Deterministic hierarchical secret derivation (DHSD)

The method presented herein enables deterministic hierarchical secret derivation: a master secret and a path deterministically generate a new secret, giving rise to a tree structure. Compromising a secret only compromises the respective subtree, not any other secrets.

While the use case similar to and the design is heavily inspired by BIP32, DHSD is simpler, more general and adapted to our needs. In particular, we focus on general secret derivation; derivation of private and public keys for specific private/public key algorithms is out of scope. (Note that the latter can be achieved indirectly.)

Out of scope

(Direct) Derivation of private and public keys.

Business impact and use cases

Deterministic hierarchical secret derivation allows an operator to scale the infrascture and adopt new features while only maintain a single secret.

Solution

The DHSD-function DHSD: S ⨯ P → S maps a value of the cross product S ⨯ P to S, where S = {0,1}^256 is the set of all 256-bit wide bit strings and P is the set of hierarchical paths.

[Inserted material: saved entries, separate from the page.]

theorem theorem2p11:
  fixes f :: "real ^ 'n \<Rightarrow> real" and gf :: "real ^ 'n \<Rightarrow> real ^ 'n"
    and g :: "real ^ 'n \<Rightarrow> ereal"
    and Lf M \<gamma>0 \<xi> \<beta> c :: real
    and x w :: "nat \<Rightarrow> real ^ 'n" and \<gamma> :: "nat \<Rightarrow> real"
  assumes f_deriv: "\<And>y. (f has_derivative (\<lambda>h. gf y \<bullet> h)) (at y)"
    and gf_cont: "continuous_on UNIV gf"
    and gf_lip: "Lf-lipschitz_on UNIV gf"
    and Lf_pos: "Lf > 0"
    and g_proper: "proper_fun g"
    and g_closed: "closed_fun g"
    and M_pos: "M > 0"
    and g_wc: "weakly_convex M g"
    and \<xi>: "0 < \<xi>" "\<xi> < 1"
    and \<beta>: "0 \<le> \<beta>" "\<beta> < 1"
    and \<gamma>0: "0 < \<gamma>0" "\<gamma>0 \<le> 1 / (2 * M)"
    and gen: "minfbe_seq f gf g \<gamma>0 \<xi> \<beta> x w \<gamma>"
    and c_def: "c = min \<gamma>0 (min (\<xi> * (1 - \<beta>) / Lf) (1 / M))"
  shows "c > 0 \<and>
    (\<forall>k. ereal (MIN i\<in>{..k}. (norm (Rfb gf g (\<gamma> i) (x i)))\<^sup>2)
         \<le> ereal (2 / (real k + 1)) *
           ((ereal (f (x 0)) + g (x 0)) - (INF y. ereal (f y) + g y)) / ereal (c - M * c\<^sup>2)) \<and>
    (\<beta> > 0 \<longrightarrow>
      (\<forall>k. ereal (MIN i\<in>{..k}. (norm (Rfb gf g (\<gamma> i) (w i)))\<^sup>2)
         \<le> ereal (2 / (real k + 1)) *
           ((ereal (f (x 0)) + g (x 0)) - (INF y. ereal (f y) + g y)) / ereal (\<beta> * c)))"
proof -
  have c_pos: "0 < c" using c_def \<gamma>0 \<xi> \<beta> Lf_pos M_pos by simp
  have \<gamma>_bounds: "c \<le> \<gamma> k \<and> \<gamma> k \<le> 1 / (2 * M)" for k
    using minfbe_seq_stepsize_bounds[OF f_deriv gf_lip Lf_pos \<xi> \<gamma>0(1) \<beta>(2) gen, of k] \<gamma>0(2) c_def
    by auto
  have "M * c \<le> M * \<gamma>0" using c_def M_pos by simp
  moreover have "M * \<gamma>0 \<le> 1 / 2" using \<gamma>0(2) M_pos by (simp add: field_simps)
  ultimately have "M * c < 1" by linarith
  then have D_pos: "0 < c - M * c\<^sup>2" using c_pos by (simp add: power2_eq_square algebra_simps)
  let ?\<phi> = "\<lambda>k. ereal (f (x k)) + g (x k)"
  have decrease: "?\<phi> (Suc k) + ereal ((c - M * c\<^sup>2) / 2 * (norm (Rfb gf g (\<gamma> k) (x k)))\<^sup>2
                    + \<beta> * c / 2 * (norm (Rfb gf g (\<gamma> k) (w k)))\<^sup>2) \<le> ?\<phi> k" for k
    using minfbe_seq_decrease[OF g_proper g_closed g_wc M_pos gen \<beta>(1) c_pos] \<gamma>_bounds by blast
  have weaken: "\<Phi> + ereal a \<le> \<Psi>" if "\<Phi> + ereal (a + b) \<le> \<Psi>" "0 \<le> b" for \<Phi> \<Psi> :: ereal and a b
    using order_trans[OF add_left_mono[of "ereal a" "ereal (a + b)" \<Phi>] that(1)] that(2) by simp
  have lower: "(INF y. ereal (f y) + g y) \<le> ?\<phi> k" for k by (rule INF_lower) simp
  show ?thesis
  proof (intro conjI allI impI c_pos)
    show "ereal (MIN i\<in>{..k}. (norm (Rfb gf g (\<gamma> i) (x i)))\<^sup>2)
      \<le> ereal (2 / (real k + 1)) * (?\<phi> 0 - (INF y. ereal (f y) + g y)) / ereal (c - M * c\<^sup>2)" for k
      using weaken[OF decrease] c_pos \<beta>(1)
      by (intro ereal_min_le_of_sufficient_decrease[OF _ lower D_pos]) simp
    show "ereal (MIN i\<in>{..k}. (norm (Rfb gf g (\<gamma> i) (w i)))\<^sup>2)
      \<le> ereal (2 / (real k + 1)) * (?\<phi> 0 - (INF y. ereal (f y) + g y)) / ereal (\<beta> * c)"
      if "\<beta> > 0" for k
      using weaken[OF decrease[unfolded add.commute[of "(c - M * c\<^sup>2) / 2 * _"]]] D_pos that c_pos
      by (intro ereal_min_le_of_sufficient_decrease[OF _ lower]) simp_all
  qed
qed
lemma (in group) dihedral_iso_of_generators:
  assumes "0 < n" and order: "card (carrier G) = 2 * n"
    and r: "r \<in> carrier G" "r [^] n = \<one>" and s: "s \<in> carrier G" "s \<otimes> s = \<one>" "s \<otimes> r \<otimes> s = inv r"
    and gen: "carrier G \<subseteq> generate G {r, s}"
  shows "G \<cong> dihedral n"
proof -
  define \<psi> where "\<psi> = (\<lambda>(i::nat, b). r [^] i \<otimes> (if b then s else \<one>))"
  have D: "group (dihedral n)"
    using assms(1) by (rule dihedral_group)
  have hom: "\<psi> \<in> hom (dihedral n) G"
    unfolding \<psi>_def using r s by (rule dihedral_hom)
  then interpret \<psi>: group_hom "dihedral n" G \<psi>
    using D by (intro group_hom.intro group_hom_axioms.intro is_group)
  have "\<psi> (1 mod n, False) = r" "\<psi> (0, True) = s"
    using nat_pow_mod_eq[OF r, of 1] r(1) s(1) by (simp_all add: \<psi>_def)
  moreover have "(1 mod n, False) \<in> carrier (dihedral n)" "(0, True) \<in> carrier (dihedral n)"
    using assms(1) by (simp_all add: dihedral_carrier_iff)
  ultimately have "{r, s} \<subseteq> \<psi> ` carrier (dihedral n)"
    by (metis empty_subsetI image_eqI insert_subset)
  then have "generate G {r, s} \<subseteq> \<psi> ` carrier (dihedral n)"
    using \<psi>.img_is_subgroup by (rule generate_subgroup_incl)
  then have surj: "\<psi> ` carrier (dihedral n) = carrier G"
    using gen \<psi>.hom_closed by blast
  have "finite (carrier (dihedral n))"
    by (simp add: dihedral_def)
  then have "inj_on \<psi> (carrier (dihedral n))"
    by (rule eq_card_imp_inj_on) (simp add: surj order card_dihedral)
  then have "\<psi> \<in> iso (dihedral n) G"
    using hom surj by (simp add: iso_iff)
  then show ?thesis
    using group.iso_sym[OF D] is_isoI by blast
qed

In this context, a path is a finite sequence of elements of S which are called node labels: P = { [n_0, n_1, ..., n_{i-1}] | i ∈ ℕ ∧ n_i ∈ S }.

The function definition for DHSD is inductive:

DHSD(s, [n]) = HMAC-SHA256(s, n)

DHSD(s, [n_0, n_1, ... n_{i-1}]) = DHSD(DHSD(s, n_0), [n_1, ..., n_{i-1}])

The HMAC-SHA256 key derivation function is defined in rfc2104 and instantiated with SHA256 as the hash function.

Path coercion

DHSD can be applied to any tree structure where the child nodes are uniquely named by simply applying SHA256 to the node name to form a node label.